I guess I'll have to try going back to 5.5, or using another IDE. Or maybe I should just try out the Beta...it's a major bummer though.
Geertjan Wielenga replied on Sun, 2008/03/09 - 4:37am
Paul, what you describe shouldn't be happening. Yes, you should certainly try 6.1 Beta. But if the problem persists, then there's something wrong with your set up that we need to look at. I'd be very happy to help you. Maybe you're using an old user directory, for example. I'd recommend using a completely new user directory (just copy the old one somewhere) when encountering performance problem while trying out a new version.
JeffS replied on Sun, 2008/03/09 - 11:06pm
What geertjan said. The setup is probably not right.
In my experience, Netbeans starts up much, much faster (one of things very much on my wish list), and it's all around snappier.
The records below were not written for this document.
(* A caterpillar with at least three leaves always contains a pitchfork
   (a caterpillar with exactly three leaves), so gamma t \<le> 2 iff t has no pitchfork subtree.
   Splitting at the root gives a convolution recurrence for p, i.e. the functional equation
   P^2 = P - x + 2x^3 for the generating function P.

   Solving the quadratic with formal power series gives
   1 - 2P = sqrt (1 - (1 + sqrt 5) x) * sqrt (1 - (1 - sqrt 5) x) * sqrt (1 - 2x),
   each factor being a binomial series of exponent 1/2.

   A general transfer lemma (sqrt_singularity_transfer) computes the
   coefficient asymptotics of sqrt (1 - x/rho) * h(x) when h is analytic a bit beyond rho,
   using the Gamma-function asymptotics of binomial coefficients and Tannery's theorem.
   Applied with rho = (sqrt 5 - 1)/4 and h the remaining two factors, it yields
   n^(3/2) rho^n p n \<longrightarrow> sqrt (4 rho - 24 rho^3) / (4 sqrt pi), which is the main theorem. *)

(* A pitchfork is a caterpillar with three leaves; there are exactly two of them. *)
definition pitchfork :: "btree \<Rightarrow> bool" where
  "pitchfork t \<longleftrightarrow> t = Node Leaf (Node Leaf Leaf) \<or> t = Node (Node Leaf Leaf) Leaf"

fun pitchfork_free :: "btree \<Rightarrow> bool" where
  "pitchfork_free Leaf = True"
| "pitchfork_free (Node l r) \<longleftrightarrow>
     pitchfork_free l \<and> pitchfork_free r \<and> \<not> pitchfork (Node l r)"

lemma pitchfork_free_iff: "pitchfork_free t \<longleftrightarrow> (\<forall>s\<in>subtrees t. \<not> pitchfork s)"
  by (induction t) (auto simp: pitchfork_def)

lemma finite_subtrees: "finite (subtrees t)"
  by (induction t) auto

lemma Leaf_in_subtrees: "Leaf \<in> subtrees t"
  by (induction t) auto

lemma subtrees_trans: "s \<in> subtrees t \<Longrightarrow> subtrees s \<subseteq> subtrees t"
  by (induction t) auto

lemma leaves_pos: "0 < leaves t"
  by (induction t) auto

lemma leaves_eq_1_iff [simp]: "leaves t = Suc 0 \<longleftrightarrow> t = Leaf"
proof (cases t)
  case (Node l r)
  then show ?thesis using leaves_pos[of l] leaves_pos[of r] by auto
qed simp

lemma leaves_eq_2: "leaves t = 2 \<Longrightarrow> t = Node Leaf Leaf"
proof (cases t)
  case (Node l r)
  assume "leaves t = 2"
  with Node have "leaves l + leaves r = 2" by simp
  then have "leaves l = Suc 0" "leaves r = Suc 0"
    using leaves_pos[of l] leaves_pos[of r] by linarith+
  with Node show ?thesis by simp
qed simp

lemma caterpillar_Leaf [simp]: "caterpillar Leaf"
  by (simp add: caterpillar_def)

lemma caterpillar_Node:
  "caterpillar (Node l r) \<longleftrightarrow> (l = Leaf \<or> r = Leaf) \<and> caterpillar l \<and> caterpillar r"
proof -
  have "is_leaf t \<longleftrightarrow> t = Leaf" for t by (cases t) auto
  then show ?thesis by (auto simp: caterpillar_def)
qed
lemma bounded_vimage_fmap_iter:
  assumes "d \<ge> 1" "bounded S"
  shows "bounded ((fmap d c ^^ n) -` S)"
  using assms(2)
proof (induction n arbitrary: S)
  case (Suc n)
  have "(fmap d c ^^ Suc n) -` S = fmap d c -` ((fmap d c ^^ n) -` S)"
    by (simp only: funpow_Suc_right vimage_comp)
  then show ?case using bounded_vimage_fmap[OF assms(1) Suc.IH[OF Suc.prems]] by metis
qed simp

lemma bounded_pullback:
  assumes "d \<ge> 1" "pullback d c V n U" "bounded V"
  shows "bounded U"
proof -
  obtain x where "U = connected_component_set ((fmap d c ^^ n) -` V) x"
    using assms(2) unfolding pullback_def by blast
  then have "U \<subseteq> (fmap d c ^^ n) -` V" using connected_component_subset by blast
  then show ?thesis using bounded_vimage_fmap_iter[OF assms(1,3)] bounded_subset by blast
qed

text \<open>z^d is an open map: a covering away from 0, and it maps small disks around 0 onto disks.\<close>
lemma open_image_power:
  assumes "d \<ge> 1" "open S"
  shows "open ((\<lambda>z::complex. z ^ d) ` S)"
proof -
  let ?P = "\<lambda>z::complex. z ^ d"
  have cov: "covering_space (- {0}) ?P (- {0})"
    using covering_space_power_punctured_plane assms by simp
  have punctured: "open (?P ` (S - {0}))"
  proof -
    have "openin (top_of_set (- {0})) (S - {0})" using assms
      by (auto simp: openin_open intro!: exI[of _ S])
    then have "openin (top_of_set (- {0})) (?P ` (S - {0}))"
      by (rule covering_space_open_map[OF cov])
    then show ?thesis using openin_open_trans by blast
  qed
  show ?thesis
    unfolding open_subopen[of "?P ` S"]
  proof
    fix w assume "w \<in> ?P ` S"
    then obtain z where z: "z \<in> S" "w = z ^ d" by blast
    show "\<exists>T. open T \<and> w \<in> T \<and> T \<subseteq> ?P ` S"
    proof (cases "z = 0")
      case False
      then show ?thesis using z punctured by (intro exI[of _ "?P ` (S - {0})"]) auto
    next
      case True
      obtain r where r: "r > 0" "ball 0 r \<subseteq> S"
        using assms(2) z True open_contains_ball by blast
      have "ball 0 (r ^ d) \<subseteq> ?P ` S"
      proof
        fix y :: complex assume y: "y \<in> ball 0 (r ^ d)"
        obtain u where u: "y = u ^ d" using exists_complex_root[of d y] assms(1) by auto
        have "norm u ^ d < r ^ d" using y u by (simp add: norm_power)
        then have "norm u < r" using r by (meson less_eq_real_def power_less_imp_less_base)
        then show "y \<in> ?P ` S" using r u by auto
      qed
      moreover have "w \<in> ball 0 (r ^ d)" using z True r assms(1) by (simp add: zero_power)
      ultimately show ?thesis by blast
    qed
  qed
qed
Code completion is much improved as well.
Really, it's quite exciting to be following the progress of Netbeans these days. It became pretty good with 4.1, and as of 5.0 it keeps making ridiculous improvements. Now the 6.x series is really setting the bar. That includes Java SE, ME, Swing, GUI design, JavaFX, Web, POJOs/JPA/EJB, RoR, C++, RCP, and the list goes on.
James Selvakumar replied on Mon, 2008/03/10 - 9:49am
in response to: jas_ejb
Hi Geertjan, Yes, I tried the NetBeans 6.1 Beta and it's quite amazing. Though NetBeans 6.0 proclaimed that, it has faster code completion, I felt that it was nowhere near eclipse. But with 6.1, netbeans is inching closer. I've narrated more about my experience here.